By default, datasets are updated in-place. The -o/--output-dir option can be used to specify another output directory. When updating in-place, use the --overwrite parameter (in-place updates fail by default to prevent data loss), unless a project target is modified.

The current project (-p/--project) is also used as a context for plugins, so it can be useful for dataset paths having custom formats. When not specified, the current project’s working tree is used.

Usage:

datum transform [-h] -t TRANSFORM [-o DST_DIR] [--overwrite]
  [-p PROJECT_DIR] [--stage STAGE] [--apply APPLY] [target] [-- EXTRA_ARGS]

Parameters:

  • <target> (string) - Target dataset revpath. By default, transforms all targets of the current project.

  • -t, --transform (string) - Transform method name

  • --stage (bool) - Include this action as a project build step. If true, this operation will be saved in the project build tree, allowing to reproduce the resulting dataset later. Applicable only to main project targets (i.e. data sources and the project target, but not intermediate stages). Enabled by default.

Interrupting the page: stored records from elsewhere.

lemma pd_Ck:
  assumes "a \<in> {1,2,3}" and "1 \<le> k"
  shows "pd (Ck N k) i a y = (if k - 1 \<le> i \<and> i < N then 2 * y (N + k - 2 - i) a else 0)"
proof (rule pd_eqI)
  have Ck_eq: "Ck N k = (\<lambda>y'. \<Sum>l\<in>{k - 1..<N}. ip (y' l) (y' (N + (k - 1) - 1 - l)))"
    using assms(2) by (simp add: Ck_def fun_eq_iff)
  show "((\<lambda>t. Ck N k (upd_coord y i a t)) has_real_derivative
               (if k - 1 \<le> i \<and> i < N then 2 * y (N + k - 2 - i) a else 0)) (at (y i a))"
    unfolding Ck_eq
    by (rule DERIV_cong[OF reflected_quadratic_has_derivative[OF assms(1)]]) (use assms(2) in auto)
qed

lemma pd_coord: "pd (coord j b) i a y = (if i = j \<and> a = b then 1 else 0)"
  by (rule pd_eqI) (use upd_coord_has_derivative[of y i a j b] in \<open>auto simp: coord_def\<close>)

definition triple_prod :: "(nat \<Rightarrow> real) \<Rightarrow> (nat \<Rightarrow> real) \<Rightarrow> (nat \<Rightarrow> real) \<Rightarrow> real" where
  "triple_prod u v w = (\<Sum>a\<in>{1,2,3}. \<Sum>b\<in>{1,2,3}. \<Sum>c\<in>{1,2,3}. eps a b c * u a * v b * w c)"

lemma triple_prod_swap12: "triple_prod v u w = - triple_prod u v w"
  by (simp add: triple_prod_def eps_def algebra_simps)

lemma triple_prod_swap23: "triple_prod u w v = - triple_prod u v w"
  by (simp add: triple_prod_def eps_def algebra_simps)

lemma triple_prod_swap13: "triple_prod w v u = - triple_prod u v w"
  by (metis triple_prod_swap12 triple_prod_swap23)

lemma triple_prod_cong:
  "(\<And>a. a \<in> {1,2,3} \<Longrightarrow> u a = u' a) \<Longrightarrow> (\<And>a. a \<in> {1,2,3} \<Longrightarrow> v a = v' a) \<Longrightarrow>
   triple_prod u v w = triple_prod u' v' w"
  by (simp add: triple_prod_def)

lemma triple_prod_scale:
  "triple_prod (\<lambda>a. c * u a) (\<lambda>b. d * v b) w = c * d * triple_prod u v w"
  by (simp add: triple_prod_def sum_distrib_left algebra_simps)

lemma triple_prod_zero_middle [simp]: "triple_prod u (\<lambda>b. 0) w = 0"
  by (simp add: triple_prod_def)

lemma triple_prod_expand_middle:
  "triple_prod u v w = (\<Sum>b\<in>{1,2,3}. v b * triple_prod u (\<lambda>c. if c = b then 1 else 0) w)"
  by (simp add: triple_prod_def algebra_simps)

lemma pbracket_eq_triple_prod:
  "pbracket N f g y = (\<Sum>i<N. \<Sum>j<N.
     if i + j < N then triple_prod (\<lambda>a. pd f i a y) (\<lambda>b. pd g j b y) (y (i + j)) else 0)"
  unfolding pbracket_def triple_prod_def
  by (intro sum.cong refl) (auto simp: sum_distrib_left algebra_simps)

lemma pbracket_antisym: "pbracket N g f y = - pbracket N f g y"
proof -
  have "pbracket N g f y = (\<Sum>i<N. \<Sum>j<N.
      - (if j + i < N then triple_prod (\<lambda>a. pd f j a y) (\<lambda>b. pd g i b y) (y (j + i)) else 0))"
    unfolding pbracket_eq_triple_prod
    by (intro sum.cong refl) (simp add: triple_prod_swap12[of "\<lambda>a. pd f _ a y"] add.commute)
  also have "\<dots> = - pbracket N f g y"
    unfolding pbracket_eq_triple_prod sum_negf by (subst sum.swap) (rule refl)
  finally show ?thesis .
qed

lemma pbracket_coord:
  assumes "j < N"
  shows "pbracket N f (coord j \<beta>) y = (\<Sum>i<N.
     if i + j < N then triple_prod (\<lambda>a. pd f i a y) (\<lambda>b. if b = \<beta> then 1 else 0) (y (i + j)) else 0)"
proof -
  have "(\<Sum>j'<N. if i + j' < N then triple_prod (\<lambda>a. pd f i a y) (\<lambda>b. pd (coord j \<beta>) j' b y) (y (i + j')) else 0)
      = (\<Sum>j'<N. if j' = j then
           (if i + j < N then triple_prod (\<lambda>a. pd f i a y) (\<lambda>b. if b = \<beta> then 1 else 0) (y (i + j)) else 0) else 0)"
    for i by (intro sum.cong) (auto simp: pd_coord)
  with assms show ?thesis
    unfolding pbracket_eq_triple_prod by simp
qed

lemma pbracket_eq_sum_pd_coord:
  "pbracket N f g y = (\<Sum>j<N. \<Sum>b\<in>{1,2,3}. pd g j b y * pbracket N f (coord j b) y)"
proof -
  have "(\<Sum>b\<in>{1,2,3}. pd g j b y * pbracket N f (coord j b) y)
      = (\<Sum>i<N. if i + j < N then triple_prod (\<lambda>a. pd f i a y) (\<lambda>b. pd g j b y) (y (i + j)) else 0)"
    if "j < N" for j
  proof -
    have mult_if: "c * (if P then x else 0) = (if P then c * x else 0)" for c x :: real and P
      by simp
    have sum_if: "(\<Sum>b\<in>B. if P then h b else 0) = (if P then sum h B else 0)" for B :: "nat set" and P and h :: "nat \<Rightarrow> real"
      by simp
    have "(\<Sum>b\<in>{1,2,3}. pd g j b y * pbracket N f (coord j b) y)
        = (\<Sum>b\<in>{1,2,3}. \<Sum>i<N. if i + j < N then pd g j b y *
             triple_prod (\<lambda>a. pd f i a y) (\<lambda>c. if c = b then 1 else 0) (y (i + j)) else 0)"
      unfolding pbracket_coord[OF that] sum_distrib_left by (simp only: mult_if)
    also have "\<dots> = (\<Sum>i<N. if i + j < N then (\<Sum>b\<in>{1,2,3}. pd g j b y *
             triple_prod (\<lambda>a. pd f i a y) (\<lambda>c. if c = b then 1 else 0) (y (i + j))) else 0)"
      by (subst sum.swap) (simp only: sum_if)
    finally show ?thesis
      by (simp only: triple_prod_expand_middle[symmetric])
  qed
  then show ?thesis
    unfolding pbracket_eq_triple_prod by (subst sum.swap) simp
qed

lemma pbracket_eq_0_if_casimir:
  assumes "\<And>j b. j < N \<Longrightarrow> b \<in> {1,2,3} \<Longrightarrow> pbracket N f (coord j b) y = 0"
  shows "pbracket N f g y = 0"
  by (subst pbracket_eq_sum_pd_coord) (simp add: assms)

lemma sum_eq_0_by_sign_reversing_involution:
  fixes g :: "'b \<Rightarrow> real"
  assumes "finite A" and "\<And>x. x \<in> A \<Longrightarrow> h x \<in> A" and "\<And>x. x \<in> A \<Longrightarrow> h (h x) = x"
    and "\<And>x. x \<in> A \<Longrightarrow> g (h x) = - g x"
  shows "sum g A = 0"
proof -
  have "sum g A = sum (g \<circ> h) A"
    by (rule sum.reindex_bij_witness[where i=h and j=h]) (use assms in auto)
  also have "\<dots> = - sum g A"
    using assms(4) by (simp add: sum_negf)
  finally show ?thesis by simp
qed
(* Let $a\geq 1$ and $b\geq 2$ be integers. Let $x\in\Lambda^{a+b}$ have coordinates that are linearly independent over $\mathbb{Q}$, and suppose that $T_{a,b}^k(x)\not\to(0,\ldots,0)$ as $k\to\infty$. Then there exists $k\geq 1$ such that $T_{a,b}^k(x)\in A$.
   Context: For $n\geq 1$ let $\Lambda^n=\{x\in\mathbb{R}^n : 0\leq x_1\leq\cdots\leq x_n\}$. For integers $a,b\geq 1$ the map $T_{a,b}:\Lambda^{a+b}\to\Lambda^{a+b}$ sends $x$ to the vector obtained by arranging $x_1,\ldots,x_a,\,x_{a+1}-x_a,\ldots,x_{a+b}-x_a$ in nondecreasing order. $A=\{x\in\Lambda^{a+b}: x_1+\cdots+x_{a+b}\leq b\,x_{a+b}\}$. *)

theory Defs
  imports "HOL-Analysis.Analysis"
begin

text \<open>Vectors in R^n are represented as real lists of length n; entry (i+1) of the
paper is index i of the list.\<close>

definition Lambda :: "nat \<Rightarrow> real list set" where
  "Lambda n = {x. length x = n \<and> (\<forall>i<n. 0 \<le> x ! i) \<and> sorted x}"

definition T :: "nat \<Rightarrow> nat \<Rightarrow> real list \<Rightarrow> real list" where
  "T a b x = sort (take a x @ map (\<lambda>y. y - x ! (a - 1)) (take b (drop a x)))"

definition A_set :: "nat \<Rightarrow> nat \<Rightarrow> real list set" where
  "A_set a b = {x. x \<in> Lambda (a + b) \<and> sum_list x \<le> real b * x ! (a + b - 1)}"

definition rat_lin_indep :: "real list \<Rightarrow> bool" where
  "rat_lin_indep x \<longleftrightarrow>
     (\<forall>c :: nat \<Rightarrow> rat. (\<Sum>i<length x. of_rat (c i) * x ! i) = 0 \<longrightarrow> (\<forall>i<length x. c i = 0))"

end

theory Submission
  imports Defs "HOL-Combinatorics.Permutations"
begin
lemma card_orbits_insert_fixed:
  assumes "finite S" "f ` S \<subseteq> S" "N \<notin> S"
  shows "card ((\<lambda>x. orbit (f(N := N)) x) ` insert N S) = Suc (card ((\<lambda>x. orbit f x) ` S))"
proof -
  have "orbit (f(N := N)) x = orbit f x" if "x \<in> S" for x
    using that assms by (intro orbit_cong0[of x S]) auto
  moreover have "orbit (f(N := N)) N = {N}"
    by (simp add: orbit_eq_singleton_iff)
  ultimately have "(\<lambda>x. orbit (f(N := N)) x) ` insert N S = insert {N} ((\<lambda>x. orbit f x) ` S)"
    by (simp cong: image_cong)
  moreover have "{N} \<notin> (\<lambda>x. orbit f x) ` S"
    using orbit_subset_if_closed[of _ S f] assms by blast
  ultimately show ?thesis
    using assms by simp
qed

context
  fixes f :: "'a \<Rightarrow> 'a" and S :: "'a set" and N j :: 'a
  assumes fin: "finite S" and cl: "f ` S \<subseteq> S" and inj: "inj_on f S"
    and N: "N \<notin> S" and j: "j \<in> S"
begin

lemma orbit_subset_orbit_insert_after:
  assumes x: "x \<in> S"
  shows "orbit f x \<subseteq> orbit (f(j := N, N := f j)) x"
proof -
  have f_step: "f y \<in> orbit (f(j := N, N := f j)) x"
    if "y \<in> S" "y = x \<or> y \<in> orbit (f(j := N, N := f j)) x" for y
  proof -
    have step: "(f(j := N, N := f j)) y \<in> orbit (f(j := N, N := f j)) x"
      using that orbit.base[of "f(j := N, N := f j)" x] orbit.step[of y "f(j := N, N := f j)" x] by blast
    show ?thesis
    proof (cases "y = j")
      case True
      then have "N \<in> orbit (f(j := N, N := f j)) x"
        using step N j by (auto split: if_splits)
      then have "(f(j := N, N := f j)) N \<in> orbit (f(j := N, N := f j)) x"
        by (rule orbit.step)
      then show ?thesis using True N j by simp
    next
      case False
      then have "(f(j := N, N := f j)) y = f y"
        using that(1) N by auto
      then show ?thesis using step by simp
    qed
  qed
  have "orbit f x \<subseteq> S"
    using x cl by (rule orbit_subset_if_closed)
  then show ?thesis
  proof (intro subsetI)
    fix z assume "z \<in> orbit f x"
    then show "z \<in> orbit (f(j := N, N := f j)) x"
      by (induction rule: orbit.induct) (use x \<open>orbit f x \<subseteq> S\<close> f_step in blast)+
  qed
qed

  • --apply (bool) - Run this command immediately. If disabled, only the build tree stage will be written. Enabled by default.

  • -o, --output-dir (string) - Output directory. Can be omitted for main project targets (i.e. data sources and the project target, but not intermediate stages) and dataset targets. If not specified, the results will be saved inplace.

  • --overwrite - Allows to overwrite existing files in the output directory, when it is specified and is not empty.

  • -p, --project (string) - Directory of the project to operate on (default: current directory).

  • -h, --help - Print the help message and exit.

  • <extra args> - The list of extra transformation parameters. Should be passed after the -- separator after the main command arguments. See transform descriptions for info about extra parameters. Use the --help option to print parameter info.

Examples:

  • Split a VOC-like dataset randomly

    datum transform -t random_split --overwrite path/to/dataset:voc
    
  • Rename images in a project data source by a regex from frame_XXX to XXX

    NOTE: Please use double quotes (") for regex representation. Check Reason to use double quotes.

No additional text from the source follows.